Publisher: Disney Interactive Studios
Developer: Black Rock Studio
Release Date: September 16, 2008
In the beginning, when arcades were king, there was one type of racing game, where you held the accelerator button and tried to get to the finish line as quickly as possible. Usually, when the brake came into play, it was already too late.
Then came Gran Turismo, and racing games became split into two official camps. One contained the loose mechanics and steering of arcade games, and the other sought to simulate the experience of driving a real car. This went on for years, with the arcade games getting simpler but adding small gimmicks, and the simulation games becoming more and more obtuse. As a result, there were few fans of both.
Over the years, however, the line has been blurring. The gimmicks of old-style arcade racers have been becoming more appealing, and some have even added aspects of tuning to the mix. Sim racers, meanwhile, are beginning to come around so as to attract more players. More terms are getting explained, controls are becoming easier, and a good time is being had by all.

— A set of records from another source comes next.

(* Let $\theta\in\mathbb{R}^n$, $\sigma^2>0$, $g:\mathbb{R}^n\to\mathbb{R}^n$ measurable, and assume $\mathbb{E}[\|g(Y_\beta)\|_2^2\|Y_\beta-\theta\|_2^{2m}]<\infty$ for $m=0,1$ and some $\beta>0$. Then for all $\alpha\in[0,\beta)$, $$\mathrm{Risk}_\alpha(g)-\mathrm{Risk}(g)=\int_0^\alpha\frac{\sqrt n}{\sqrt2(1+t)}\sqrt{\mathrm{Var}(\|\theta-g(Y_t)\|_2^2)}\;\mathrm{Cor}\big(\|\theta-g(Y_t)\|_2^2,\|Y_t-\theta\|_2^2\big)\,dt$$ (where the product of the standard deviation and the correlation is interpreted as $0$ when the variance vanishes). If moreover $t\mapsto\mathrm{Var}(\|\theta-g(Y_t)\|_2^2)$ is nondecreasing on $[0,\alpha]$, then $$|\mathrm{Risk}_\alpha(g)-\mathrm{Risk}(g)|\le\frac{\sqrt n\,\alpha}{\sqrt2}\sqrt{\mathrm{Var}(\|\theta-g(Y_\alpha)\|_2^2)}.$$ If in addition $\mathbb{E}[\|g(Y_\beta)\|_2^4\|Y_\beta-\theta\|_2^{2m}]<\infty$ for $m=0,1$, then for all $\alpha\in[0,\beta)$, $$|\mathrm{Risk}_\alpha(g)-\mathrm{Risk}(g)|\le\frac{\sqrt n\,\alpha}{\sqrt2}\sqrt{\mathrm{Var}(\|\theta-g(Y)\|_2^2)}+O(\alpha^{3/2}),$$ where $O(\alpha^{3/2})$ denotes a quantity bounded by $C\alpha^{3/2}$ for some constant $C>0$ and all sufficiently small $\alpha$.
   Context: For $\alpha\ge0$, $Y_\alpha\sim N(\theta,(1+\alpha)\sigma^2 I_n)$, $Y=Y_0\sim N(\theta,\sigma^2I_n)$, $\mathrm{Risk}_\alpha(g)=\mathbb{E}\|\theta-g(Y_\alpha)\|_2^2$ and $\mathrm{Risk}(g)=\mathrm{Risk}_0(g)$. $\mathrm{Cor}$ denotes Pearson correlation. (By unbiasedness of the CB estimator for $\mathrm{Risk}_\alpha(g)$, this difference is the bias of the CB estimator as an estimator of $\mathrm{Risk}(g)$.) *)

theory Defs
  imports "HOL-Probability.Probability"
begin

(* Law of Y ~ N(theta, v I_n) on R^n (here real^'n, n = CARD('n)):
   density w.r.t. Lebesgue measure = product of 1-d normal densities
   with mean theta$i and standard deviation sqrt v. *)
definition gauss :: "real^'n::finite \<Rightarrow> real \<Rightarrow> (real^'n) measure" where
  "gauss \<theta> v = density lborel
     (\<lambda>x. ennreal (\<Prod>i\<in>UNIV. normal_density (\<theta>$i) (sqrt v) (x$i)))"

definition risk :: "real^'n::finite \<Rightarrow> real \<Rightarrow> (real^'n \<Rightarrow> real^'n) \<Rightarrow> real \<Rightarrow> real" where
  "risk \<theta> \<sigma>2 g \<alpha> = (\<integral>y. (norm (\<theta> - g y))\<^sup>2 \<partial>(gauss \<theta> ((1 + \<alpha>) * \<sigma>2)))"

(* Variance, valued in [0, infinity] so that an infinite variance is represented faithfully *)
definition var_ext :: "'a measure \<Rightarrow> ('a \<Rightarrow> real) \<Rightarrow> ennreal" where
  "var_ext M X = (\<integral>\<^sup>+ x. ennreal ((X x - (\<integral>y. X y \<partial>M))\<^sup>2) \<partial>M)"

definition var_real :: "'a measure \<Rightarrow> ('a \<Rightarrow> real) \<Rightarrow> real" where
  "var_real M X = enn2real (var_ext M X)"

definition covar :: "'a measure \<Rightarrow> ('a \<Rightarrow> real) \<Rightarrow> ('a \<Rightarrow> real) \<Rightarrow> real" where
  "covar M X W = (\<integral>x. (X x - (\<integral>y. X y \<partial>M)) * (W x - (\<integral>y. W y \<partial>M)) \<partial>M)"

(* Pearson correlation (with the Isabelle convention z / 0 = 0) *)
definition pearson_cor :: "'a measure \<Rightarrow> ('a \<Rightarrow> real) \<Rightarrow> ('a \<Rightarrow> real) \<Rightarrow> real" where
  "pearson_cor M X W = covar M X W / (sqrt (var_real M X) * sqrt (var_real M W))"

(* sqrt(Var X) * Cor(X,W); interpreted as 0 when Var X = 0 (automatic from z/0 = 0),
   and, when Var X = infinity, as the limiting value Cov(X,W)/sqrt(Var W)
   obtained by cancelling sqrt(Var X). *)
definition sd_times_cor :: "'a measure \<Rightarrow> ('a \<Rightarrow> real) \<Rightarrow> ('a \<Rightarrow> real) \<Rightarrow> real" where
  "sd_times_cor M X W =
     (if var_ext M X < \<infinity> then sqrt (var_real M X) * pearson_cor M X W
      else covar M X W / sqrt (var_real M W))"

end

theory Submission
  imports Defs
begin

text \<open>
  Write \<open>p\<^sub>t\<close> for the density of \<open>N(\<theta>, (1 + t) \<sigma>\<^sup>2 I\<^sub>n)\<close> and \<open>W = \<parallel>Y - \<theta>\<parallel>\<^sup>2\<close>. Differentiating in \<open>t\<close>,
  \<open>\<partial>\<^sub>t p\<^sub>t = p\<^sub>t (W / (2 \<sigma>\<^sup>2 (1 + t)\<^sup>2) - n / (2 (1 + t)))\<close>, so for any \<open>X\<close> the derivative of
  \<open>E\<^sub>t X\<close> is \<open>Cov\<^sub>t(X, W) / (2 \<sigma>\<^sup>2 (1 + t)\<^sup>2)\<close>; since \<open>Var\<^sub>t W = 2 n (1 + t)\<^sup>2 \<sigma>\<^sup>4\<close>, this is
  \<open>\<surd>n / (\<surd>2 (1 + t)) \<cdot> sd\<^sub>t(X) Cor\<^sub>t(X, W)\<close>. The bound \<open>p\<^sub>t \<le> (1 + \<beta>)\<^bsup>n/2\<^esup> p\<^sub>\<beta>\<close> dominates
  everything by the moment hypotheses at \<open>\<beta>\<close>, so Fubini turns the pointwise fundamental theorem
  of calculus into the integral formula for \<open>X = \<parallel>\<theta> - g(Y)\<parallel>\<^sup>2\<close>. By Cauchy--Schwarz the integrand is
  at most \<open>\<surd>n/\<surd>2 \<cdot> sd\<^sub>t(X)\<close>, which gives the second bound when \<open>Var\<^sub>t X\<close> is nondecreasing. With
  fourth moments the same argument applied to \<open>X\<close> and \<open>X\<^sup>2\<close> shows that \<open>Var\<^sub>t X\<close> grows at most
  linearly in \<open>t\<close>, hence \<open>sd\<^sub>t(X) \<le> sd\<^sub>0(X) + O(\<surd>t)\<close>, and integrating gives the \<open>O(\<alpha>\<^sup>3\<^sup>/\<^sup>2)\<close> remainder.
\<close>

lemma norm_diff_power_le: "norm (a - b) ^ k \<le> 2 ^ k * (norm a ^ k + norm b ^ k)"
proof -
  have "norm (a - b) \<le> 2 * max (norm a) (norm b)"
    using norm_triangle_ineq4[of a b] by linarith
  then have "norm (a - b) ^ k \<le> (2 * max (norm a) (norm b)) ^ k"
    by (rule power_mono) simp
  also have "\<dots> \<le> 2 ^ k * (norm a ^ k + norm b ^ k)"
    unfolding power_mult_distrib by (intro mult_left_mono) (auto simp: max_def)
  finally show ?thesis .
qed

lemma integrable_norm_diff_power_mult:
  fixes g :: "'a \<Rightarrow> 'b::{real_normed_vector, second_countable_topology}" and w :: "'a \<Rightarrow> real"
  assumes [measurable]: "g \<in> borel_measurable M" "w \<in> borel_measurable M" and w: "\<And>y. 0 \<le> w y"
    and "integrable M w" "integrable M (\<lambda>y. norm (g y) ^ k * w y)"
  shows "integrable M (\<lambda>y. norm (c - g y) ^ k * w y)"
proof (rule Bochner_Integration.integrable_bound)
  show "integrable M (\<lambda>y. 2 ^ k * (norm c ^ k * w y + norm (g y) ^ k * w y))"
    using assms by auto
  show "AE y in M. norm (norm (c - g y) ^ k * w y) \<le> norm (2 ^ k * (norm c ^ k * w y + norm (g y) ^ k * w y))"
    using mult_right_mono[OF norm_diff_power_le w] w
    by (intro AE_I2) (simp add: abs_mult distrib_right mult.assoc)
qed measurable

lemma powr_three_halves: "0 \<le> (x::real) \<Longrightarrow> x powr (3/2) = x * sqrt x"
  using powr_add[of x 1 "1/2"] by (cases "x = 0") (simp_all add: powr_half_sqrt)

lemma abs_set_integral_Icc_le:
  fixes h :: "real \<Rightarrow> real"
  assumes "0 \<le> \<alpha>" and "set_integrable lborel {0..\<alpha>} h" and "\<And>t. t \<in> {0..\<alpha>} \<Longrightarrow> \<bar>h t\<bar> \<le> M"
  shows "\<bar>LINT t:{0..\<alpha>}|lborel. h t\<bar> \<le> M * \<alpha>"
proof -
  have "\<bar>LINT t:{0..\<alpha>}|lborel. h t\<bar> \<le> (LINT t:{0..\<alpha>}|lborel. \<bar>h t\<bar>)"
    using set_integral_norm_bound[OF assms(2)] by simp
  also have "\<dots> \<le> (LINT t:{0..\<alpha>}|lborel. M)"
    using assms borel_integrable_atLeastAtMost'[OF continuous_on_const]
    by (intro set_integral_mono set_integrable_abs) auto
  also have "\<dots> = M * \<alpha>"
    using assms(1) by (simp add: set_integral_const)
  finally show ?thesis .
qed

lemma lborel_pair_measurable:
  "f \<in> borel_measurable (borel \<Otimes>\<^sub>M borel) \<Longrightarrow> f \<in> borel_measurable (lborel \<Otimes>\<^sub>M lborel)"
  by (subst measurable_cong_sets[OF sets_pair_measure_cong[OF sets_lborel sets_lborel] refl])

lemma prod_indicator_power:
  "(\<Prod>i\<in>(UNIV::'n::finite set). f i ^ (if i = j then 1 else 0)) = f j"
  by (subst prod.cong[OF refl, where h="\<lambda>i. if i = j then f i else 1"]) auto

lemma norm_vec_power2: "(norm (x::real^'n::finite))\<^sup>2 = (\<Sum>i\<in>UNIV. (x$i)\<^sup>2)"
  unfolding norm_vec_def L2_set_def by (simp add: sum_nonneg)

lemma nn_integral_lborel_vec_prod:
  fixes h :: "'n::finite \<Rightarrow> real \<Rightarrow> real"
  assumes "\<And>i. h i \<in> borel_measurable borel" and "\<And>i x. 0 \<le> h i x"
  shows "(\<integral>\<^sup>+x. ennreal (\<Prod>i\<in>UNIV. h i (x$i)) \<partial>(lborel::(real^'n) measure))
         = (\<Prod>i\<in>UNIV. \<integral>\<^sup>+x. ennreal (h i x) \<partial>lborel)"
proof -
  define f where "f b x = ennreal (h (THE i. b = axis i (1::real)) x)" for b :: "real^'n" and x
  have f_axis: "f (axis i 1) = (\<lambda>x. ennreal (h i x))" for i
    unfolding f_def by (auto simp: axis_eq_axis)
  have Basis: "(Basis :: (real^'n) set) = (\<lambda>i. axis i 1) ` UNIV"
    unfolding Basis_vec_def by auto
  have inj: "inj (\<lambda>i::'n. axis i (1::real))"
    by (auto simp: inj_def axis_eq_axis)
  have "(\<integral>\<^sup>+x. (\<Prod>b\<in>Basis. f b (x \<bullet> b)) \<partial>(lborel::(real^'n) measure))
        = (\<Prod>b\<in>Basis. \<integral>\<^sup>+x. f b x \<partial>lborel)"
    by (rule nn_integral_lborel_prod) (auto simp: Basis f_axis assms)
  then show ?thesis
    unfolding Basis prod.reindex[OF inj] by (simp add: f_axis inner_axis prod_ennreal assms)
qed

section \<open>Variance and covariance\<close>

lemma var_real_nonneg [simp]: "0 \<le> var_real M X"
  unfolding var_real_def by simp

lemma var_real_pos_iff: "var_ext M X < \<infinity> \<Longrightarrow> 0 < var_real M X \<longleftrightarrow> var_ext M X \<noteq> 0"
  unfolding var_real_def by (auto simp: enn2real_positive_iff top.not_eq_extremum zero_less_iff_neq_zero)

lemma
  fixes X :: "'a \<Rightarrow> real"
  assumes [measurable]: "X \<in> borel_measurable M" and fin: "var_ext M X < \<infinity>"
  shows integrable_centered_sq_if_var_ext_finite: "integrable M (\<lambda>x. (X x - integral\<^sup>L M X)\<^sup>2)"
    and var_real_eq_integral: "var_real M X = (\<integral>x. (X x - integral\<^sup>L M X)\<^sup>2 \<partial>M)"
proof -
  show I: "integrable M (\<lambda>x. (X x - integral\<^sup>L M X)\<^sup>2)"
    using fin unfolding var_ext_def by (auto simp: integrable_iff_bounded)
  have "var_ext M X = ennreal (\<integral>x. (X x - integral\<^sup>L M X)\<^sup>2 \<partial>M)"
    unfolding var_ext_def by (rule nn_integral_eq_integral[OF I]) simp
  then show "var_real M X = (\<integral>x. (X x - integral\<^sup>L M X)\<^sup>2 \<partial>M)"
    unfolding var_real_def by simp
qed

lemma covar_eq_0_if_var_ext_eq_0:
  assumes [measurable]: "X \<in> borel_measurable M" and "var_ext M X = 0"
  shows "covar M X W = 0"
proof -
  have "AE x in M. ennreal ((X x - integral\<^sup>L M X)\<^sup>2) = 0"
    using assms(2) unfolding var_ext_def by (subst (asm) nn_integral_0_iff_AE) auto
  then have "AE x in M. (X x - integral\<^sup>L M X) * (W x - integral\<^sup>L M W) = 0"
    by eventually_elim simp
  then show ?thesis
    unfolding covar_def by (simp add: integral_eq_zero_AE)
qed

lemma sd_times_cor_eq_covar_div:
  assumes [measurable]: "X \<in> borel_measurable M"
  shows "sd_times_cor M X W = covar M X W / sqrt (var_real M W)"
proof (cases "var_ext M X < \<infinity>")
  case True
  show ?thesis
  proof (cases "var_ext M X = 0")
    case True
    then show ?thesis
      unfolding sd_times_cor_def pearson_cor_def var_real_def
      by (simp add: covar_eq_0_if_var_ext_eq_0)
  next
    case False
    then have "0 < sqrt (var_real M X)" using var_real_pos_iff[OF True] by simp
    then show ?thesis unfolding sd_times_cor_def pearson_cor_def using True by simp
  qed
qed (simp add: sd_times_cor_def)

With all this in mind, Pure definitely leans toward the old-school arcade mindset, but there are methods to its madness and genius in its simplicity. It's an ATV racer, meaning you're in a fast sucker that's still light enough to jump off of even the smallest incline. What's there to do when you're sailing through the air? What else? Bust out crazy freestyle tricks. It's developed by veterans of the ATV Offroad Fury games, so they've had plenty of time to get this right.
Pure's racing experience is linked to its boost meter. The better you do, the more boost meter you gain; the more boost meter you gain, the higher the ranking of tricks you can perform (these tricks cost boost meter). The more complex tricks you perform, the faster you go, and by consequence, the better you do — provided you don't crash out, of course. It's pretty much a never-ending cycle of high-speed awesome, and with 80+ tricks to choose from, it'll be a while before showing off gets tiring.
Of course, you can also just save your boost-meter for a Special trick, which, if pulled off correctly, can send you sailing over just about everything at crazy speeds, and help you rocket past the opposition. If you're lagging behind, finding a really high jump and pulling off a Special could well put you back on the fast track to first place. Course shortcuts and tricks also go hand in hand.
Along with the simple, fun racing, other features include 16-player online matches and the ability to build your own custom ATV entirely from scratch. The building process can be fast-forwarded and rewound, so as to give the player an exact choice on modifications, and skip past what they may not care about or even understand.
Pure is already on the track to becoming a sleeper hit at the very least. It's easy to get into, and fun to race for the best lap times by using just the right combination of speed, tricks, and boost management — all while showboating one's butt off. On the show floor, play proved to be fluid and fun. Its high-speed, trick-heavy gameplay was actually reminiscent of Excite Truck, of all things. It's great for people who don't want to be burdened with a complicated simulation experience, but it still contains substance underneath the style.
Coming from someone whose favorite racing game is still Daytona USA, this is a principle I can definitely get behind.